=== Source data ===

(* Let $w$ be a nonnegative continuous weight on $[-1,1]$ and $\{p_l\}$ the orthonormal polynomials (positive leading coefficients) with recurrence $b_{l+1}p_{l+1}(x)=(x-a_l)p_l(x)-b_lp_{l-1}(x)$, $p_{-1}=0$, $p_0=1/b_0$, $a_l\in\mathbb{R}$, $b_l>0$. Let $0\le m\le n$, $\gamma\in\mathbb{R}$, $\delta\ge0$. Then for $x\ne y$: $\sum_{k=m}^np_k(x)p_{k-m}(y,m)=b_{n+1}\dfrac{p_{n+1}(x)p_{n-m}(y,m)-p_{n-m+1}(y,m)p_n(x)}{x-y}+b_m\dfrac{p_{m-1}(x)}{x-y}$, and $\sum_{k=m}^np_k(x)p_{k-m}(y,m,\gamma,\delta)=b_{n+1}\dfrac{p_{n+1}(x)p_{n-m}(y,m,\gamma,\delta)-p_{n-m+1}(y,m,\gamma,\delta)p_n(x)}{x-y}+\dfrac{p_m(x)((\delta-1)y-\gamma)}{x-y}+b_m\dfrac{p_{m-1}(x)}{x-y}$.
   Context: Associated polynomials: $p_{-1}(x,m)=0$, $p_0(x,m)=1$, $b_{m+l+1}p_{l+1}(x,m)=(x-a_{m+l})p_l(x,m)-b_{m+l}p_{l-1}(x,m)$ for $l\ge0$. Scaled co-recursive associated polynomials: $p_0(x,m,\gamma,\delta)=1$, $p_1(x,m,\gamma,\delta)=(\delta x-a_m-\gamma)/b_{m+1}$, and $b_{m+l+1}p_{l+1}(x,m,\gamma,\delta)=(x-a_{m+l})p_l(x,m,\gamma,\delta)-b_{m+l}p_{l-1}(x,m,\gamma,\delta)$ for $l\ge1$. *)

theory Defs
  imports "HOL-Analysis.Analysis" "HOL-Computational_Algebra.Polynomial"
begin

fun assoc_poly :: "(nat \<Rightarrow> real) \<Rightarrow> (nat \<Rightarrow> real) \<Rightarrow> nat \<Rightarrow> nat \<Rightarrow> real \<Rightarrow> real" where
  "assoc_poly a b m 0 x = 1"
| "assoc_poly a b m (Suc 0) x = (x - a m) / b (m + 1)"
| "assoc_poly a b m (Suc (Suc l)) x =
     ((x - a (m + l + 1)) * assoc_poly a b m (Suc l) x - b (m + l + 1) * assoc_poly a b m l x)
       / b (m + l + 2)"

fun sc_assoc_poly :: "(nat \<Rightarrow> real) \<Rightarrow> (nat \<Rightarrow> real) \<Rightarrow> nat \<Rightarrow> real \<Rightarrow> real \<Rightarrow> nat \<Rightarrow> real \<Rightarrow> real" where
  "sc_assoc_poly a b m \<gamma> \<delta> 0 x = 1"
| "sc_assoc_poly a b m \<gamma> \<delta> (Suc 0) x = (\<delta> * x - a m - \<gamma>) / b (m + 1)"
| "sc_assoc_poly a b m \<gamma> \<delta> (Suc (Suc l)) x =
     ((x - a (m + l + 1)) * sc_assoc_poly a b m \<gamma> \<delta> (Suc l) x
        - b (m + l + 1) * sc_assoc_poly a b m \<gamma> \<delta> l x) / b (m + l + 2)"

end

theory Submission
  imports Defs
begin

text \<open>Multiply the sum by \<open>x - y\<close> and write \<open>x - y = (x - a k) - (y - a k)\<close>: the
  three-term recurrences of both families turn each summand into a difference of consecutive
  Casoratians \<open>b (k + 1) * (P (k + 1) * Q (k - m) - Q (k - m + 1) * P k)\<close>, so the sum
  telescopes. Only boundary terms survive: the top Casoratian, \<open>b m * P (m - 1)\<close>, and the
  defect by which \<open>Q 1\<close> deviates from the recurrence started at \<open>Q (-1) = 0\<close>. This defect
  vanishes for the associated polynomials and equals \<open>(\<delta> - 1) y - \<gamma>\<close> for the scaled
  co-recursive ones.\<close>

lemma mixed_christoffel_darboux:
  fixes P Q a b :: "nat \<Rightarrow> real" and x y :: real
  assumes P_rec: "\<And>l. b (l + 1) * P (l + 1) = (x - a l) * P l - (if l = 0 then 0 else b l * P (l - 1))"
    and Q0: "Q 0 = 1"
    and Q_rec: "\<And>l. b (m + l + 2) * Q (l + 2) = (y - a (m + l + 1)) * Q (l + 1) - b (m + l + 1) * Q l"
    and "m \<le> n"
  shows "(x - y) * (\<Sum>k=m..n. P k * Q (k - m)) =
     b (n + 1) * (P (n + 1) * Q (n - m) - Q (n - m + 1) * P n)
     + b m * (if m = 0 then 0 else P (m - 1))
     + P m * (b (m + 1) * Q 1 - (y - a m))"
  using \<open>m \<le> n\<close>
proof (induction n rule: dec_induct)
  case base
  show ?case using P_rec[of m] Q0 by (cases "m = 0") (simp_all add: algebra_simps)
next
  case (step n)
  define j where "j = n - m"
  have n: "n = m + j" using step.hyps(1) by (simp add: j_def)
  have P_step: "b (n + 2) * P (n + 2) = (x - a (n + 1)) * P (n + 1) - b (n + 1) * P n"
    using P_rec[of "n + 1"] by simp
  have Q_step: "b (n + 2) * Q (j + 2) = (y - a (n + 1)) * Q (j + 1) - b (n + 1) * Q j"
    using Q_rec[of j] by (simp add: n add.assoc)
  have "(x - y) * (\<Sum>k=m..Suc n. P k * Q (k - m))
      = (x - y) * (\<Sum>k=m..n. P k * Q (k - m)) + (x - y) * P (n + 1) * Q (j + 1)"
    using step.hyps(1) by (simp add: algebra_simps n)
  also have "\<dots> = (b (n + 2) * P (n + 2)) * Q (j + 1) - (b (n + 2) * Q (j + 2)) * P (n + 1)
      + b m * (if m = 0 then 0 else P (m - 1)) + P m * (b (m + 1) * Q 1 - (y - a m))"
    unfolding step.IH P_step Q_step by (simp add: algebra_simps j_def)
  finally show ?case by (simp add: algebra_simps n)
qed

lemma assoc_poly_recurrence:
  assumes "b (m + l + 2) \<noteq> 0"
  shows "b (m + l + 2) * assoc_poly a b m (l + 2) y
       = (y - a (m + l + 1)) * assoc_poly a b m (l + 1) y - b (m + l + 1) * assoc_poly a b m l y"
  using assms by (simp add: numeral_2_eq_2)

lemma sc_assoc_poly_recurrence:
  assumes "b (m + l + 2) \<noteq> 0"
  shows "b (m + l + 2) * sc_assoc_poly a b m \<gamma> \<delta> (l + 2) y
       = (y - a (m + l + 1)) * sc_assoc_poly a b m \<gamma> \<delta> (l + 1) y
         - b (m + l + 1) * sc_assoc_poly a b m \<gamma> \<delta> l y"
  using assms by (simp add: numeral_2_eq_2)

lemma assoc_poly_initial_defect:
  assumes "b (m + 1) \<noteq> 0"
  shows "b (m + 1) * assoc_poly a b m 1 y - (y - a m) = 0"
  using assms by simp

lemma sc_assoc_poly_initial_defect:
  assumes "b (m + 1) \<noteq> 0"
  shows "b (m + 1) * sc_assoc_poly a b m \<gamma> \<delta> 1 y - (y - a m) = (\<delta> - 1) * y - \<gamma>"
  using assms by (simp add: field_simps)

theorem lemma3p1:
  fixes w :: "real \<Rightarrow> real" and p :: "nat \<Rightarrow> real poly"
    and a b :: "nat \<Rightarrow> real" and m n :: nat and \<gamma> \<delta> x y :: real
  assumes w_cont: "continuous_on {-1..1} w"
    and w_nonneg: "\<And>t. t \<in> {-1..1} \<Longrightarrow> w t \<ge> 0"
    and p_deg: "\<And>l. degree (p l) = l"
    and p_lead: "\<And>l. lead_coeff (p l) > 0"
    and p_orth: "\<And>k l. integral {-1..1} (\<lambda>t. poly (p k) t * poly (p l) t * w t)
                        = (if k = l then 1 else 0)"
    and b_pos: "\<And>l. b l > 0"
    and p0: "\<And>t. poly (p 0) t = 1 / b 0"
    and rec0: "\<And>t. b 1 * poly (p 1) t = (t - a 0) * poly (p 0) t"
    and rec: "\<And>l t. l \<ge> 1 \<Longrightarrow>
       b (l + 1) * poly (p (l + 1)) t = (t - a l) * poly (p l) t - b l * poly (p (l - 1)) t"
    and mn: "m \<le> n"
    and delta: "\<delta> \<ge> 0"
    and xy: "x \<noteq> y"
  shows "((\<Sum>k=m..n. poly (p k) x * assoc_poly a b m (k - m) y)
           = b (n + 1) * (poly (p (n + 1)) x * assoc_poly a b m (n - m) y
                          - assoc_poly a b m (n - m + 1) y * poly (p n) x) / (x - y)
             + b m * (if m = 0 then 0 else poly (p (m - 1)) x) / (x - y))
         \<and> ((\<Sum>k=m..n. poly (p k) x * sc_assoc_poly a b m \<gamma> \<delta> (k - m) y)
           = b (n + 1) * (poly (p (n + 1)) x * sc_assoc_poly a b m \<gamma> \<delta> (n - m) y
                          - sc_assoc_poly a b m \<gamma> \<delta> (n - m + 1) y * poly (p n) x) / (x - y)
             + poly (p m) x * ((\<delta> - 1) * y - \<gamma>) / (x - y)
             + b m * (if m = 0 then 0 else poly (p (m - 1)) x) / (x - y))"
proof -
  have b_nz: "\<And>l. b l \<noteq> 0" using b_pos by (metis less_irrefl)
  have p_rec: "b (l + 1) * poly (p (l + 1)) x
      = (x - a l) * poly (p l) x - (if l = 0 then 0 else b l * poly (p (l - 1)) x)" for l
    using rec0[of x] rec[of l x] by (cases "l = 0") simp_all
  note cd = mixed_christoffel_darboux[where P = "\<lambda>k. poly (p k) x", OF p_rec _ _ mn]
  have A: "(x - y) * (\<Sum>k=m..n. poly (p k) x * assoc_poly a b m (k - m) y) =
      b (n + 1) * (poly (p (n + 1)) x * assoc_poly a b m (n - m) y
                   - assoc_poly a b m (n - m + 1) y * poly (p n) x)
      + b m * (if m = 0 then 0 else poly (p (m - 1)) x)"
    using cd[where Q = "\<lambda>l. assoc_poly a b m l y", OF _ assoc_poly_recurrence[OF b_nz]]
      assoc_poly_initial_defect[where a = a and b = b and y = y, OF b_nz] by simp
  have B: "(x - y) * (\<Sum>k=m..n. poly (p k) x * sc_assoc_poly a b m \<gamma> \<delta> (k - m) y) =
      b (n + 1) * (poly (p (n + 1)) x * sc_assoc_poly a b m \<gamma> \<delta> (n - m) y
                   - sc_assoc_poly a b m \<gamma> \<delta> (n - m + 1) y * poly (p n) x)
      + b m * (if m = 0 then 0 else poly (p (m - 1)) x)
      + poly (p m) x * ((\<delta> - 1) * y - \<gamma>)"
    using cd[where Q = "\<lambda>l. sc_assoc_poly a b m \<gamma> \<delta> l y", OF _ sc_assoc_poly_recurrence[OF b_nz]]
    unfolding sc_assoc_poly_initial_defect[where a = a and b = b and y = y and \<gamma> = \<gamma> and \<delta> = \<delta>, OF b_nz]
    by (simp add: algebra_simps)
  have "x - y \<noteq> 0" using xy by simp
  with A B show ?thesis
    by (simp only: add_divide_distrib[symmetric] eq_divide_eq) (simp add: algebra_simps)
qed

end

===

## Instructions for the task
Only the lines from the start of the listing through the line with "three-term recurrences of" should be repeated, each exactly as it stands.

## Response area
(* Let $w$ be a nonnegative continuous weight on $[-1,1]$ and $\{p_l\}$ the orthonormal polynomials (positive leading coefficients) with recurrence $b_{l+1}p_{l+1}(x)=(x-a_l)p_l(x)-b_lp_{l-1}(x)$, $p_{-1}=0$, $p_0=1/b_0$, $a_l\in\mathbb{R}$, $b_l>0$. Let $0\le m\le n$, $\gamma\in\mathbb{R}$, $\delta\ge0$. Then for $x\ne y$: $\sum_{k=m}^np_k(x)p_{k-m}(y,m)=b_{n+1}\dfrac{p_{n+1}(x)p_{n-m}(y,m)-p_{n-m+1}(y,m)p_n(x)}{x-y}+b_m\dfrac{p_{m-1}(x)}{x-y}$, and $\sum_{k=m}^np_k(x)p_{k-m}(y,m,\gamma,\delta)=b_{n+1}\dfrac{p_{n+1}(x)p_{n-m}(y,m,\gamma,\delta)-p_{n-m+1}(y,m,\gamma,\delta)p_n(x)}{x-y}+\dfrac{p_m(x)((\delta-1)y-\gamma)}{x-y}+b_m\dfrac{p_{m-1}(x)}{x-y}$.
   Context: Associated polynomials: $p_{-1}(x,m)=0$, $p_0(x,m)=1$, $b_{m+l+1}p_{l+1}(x,m)=(x-a_{m+l})p_l(x,m)-b_{m+l}p_{l-1}(x,m)$ for $l\ge0$. Scaled co-recursive associated polynomials: $p_0(x,m,\gamma,\delta)=1$, $p_1(x,m,\gamma,\delta)=(\delta x-a_m-\gamma)/b_{m+1}$, and $b_{m+l+1}p_{l+1}(x,m,\gamma,\delta)=(x-a_{m+l})p_l(x,m,\gamma,\delta)-b_{m+l}p_{l-1}(x,m,\gamma,\delta)$ for $l\ge1$. *)

theory Defs
  imports "HOL-Analysis.Analysis" "HOL-Computational_Algebra.Polynomial"
begin

fun assoc_poly :: "(nat \<Rightarrow> real) \<Rightarrow> (nat \<Rightarrow> real) \<Rightarrow> nat \<Rightarrow> nat \<Rightarrow> real \<Rightarrow> real" where
  "assoc_poly a b m 0 x = 1"
| "assoc_poly a b m (Suc 0) x = (x - a m) / b (m + 1)"
| "assoc_poly a b m (Suc (Suc l)) x =
     ((x - a (m + l + 1)) * assoc_poly a b m (Suc l) x - b (m + l + 1) * assoc_poly a b m l x)
       / b (m + l + 2)"

fun sc_assoc_poly :: "(nat \<Rightarrow> real) \<Rightarrow> (nat \<Rightarrow> real) \<Rightarrow> nat \<Rightarrow> real \<Rightarrow> real \<Rightarrow> nat \<Rightarrow> real \<Rightarrow> real" where
  "sc_assoc_poly a b m \<gamma> \<delta> 0 x = 1"
| "sc_assoc_poly a b m \<gamma> \<delta> (Suc 0) x = (\<delta> * x - a m - \<gamma>) / b (m + 1)"
| "sc_assoc_poly a b m \<gamma> \<delta> (Suc (Suc l)) x =
     ((x - a (m + l + 1)) * sc_assoc_poly a b m \<gamma> \<delta> (Suc l) x
        - b (m + l + 1) * sc_assoc_poly a b m \<gamma> \<delta> l x) / b (m + l + 2)"

end

theory Submission
  imports Defs
begin

text \<open>Multiply the sum by \<open>x - y\<close> and write \<open>x - y = (x - a k) - (y - a k)\<close>: the
  three-term recurrences of both families turn each summand into a difference of consecutive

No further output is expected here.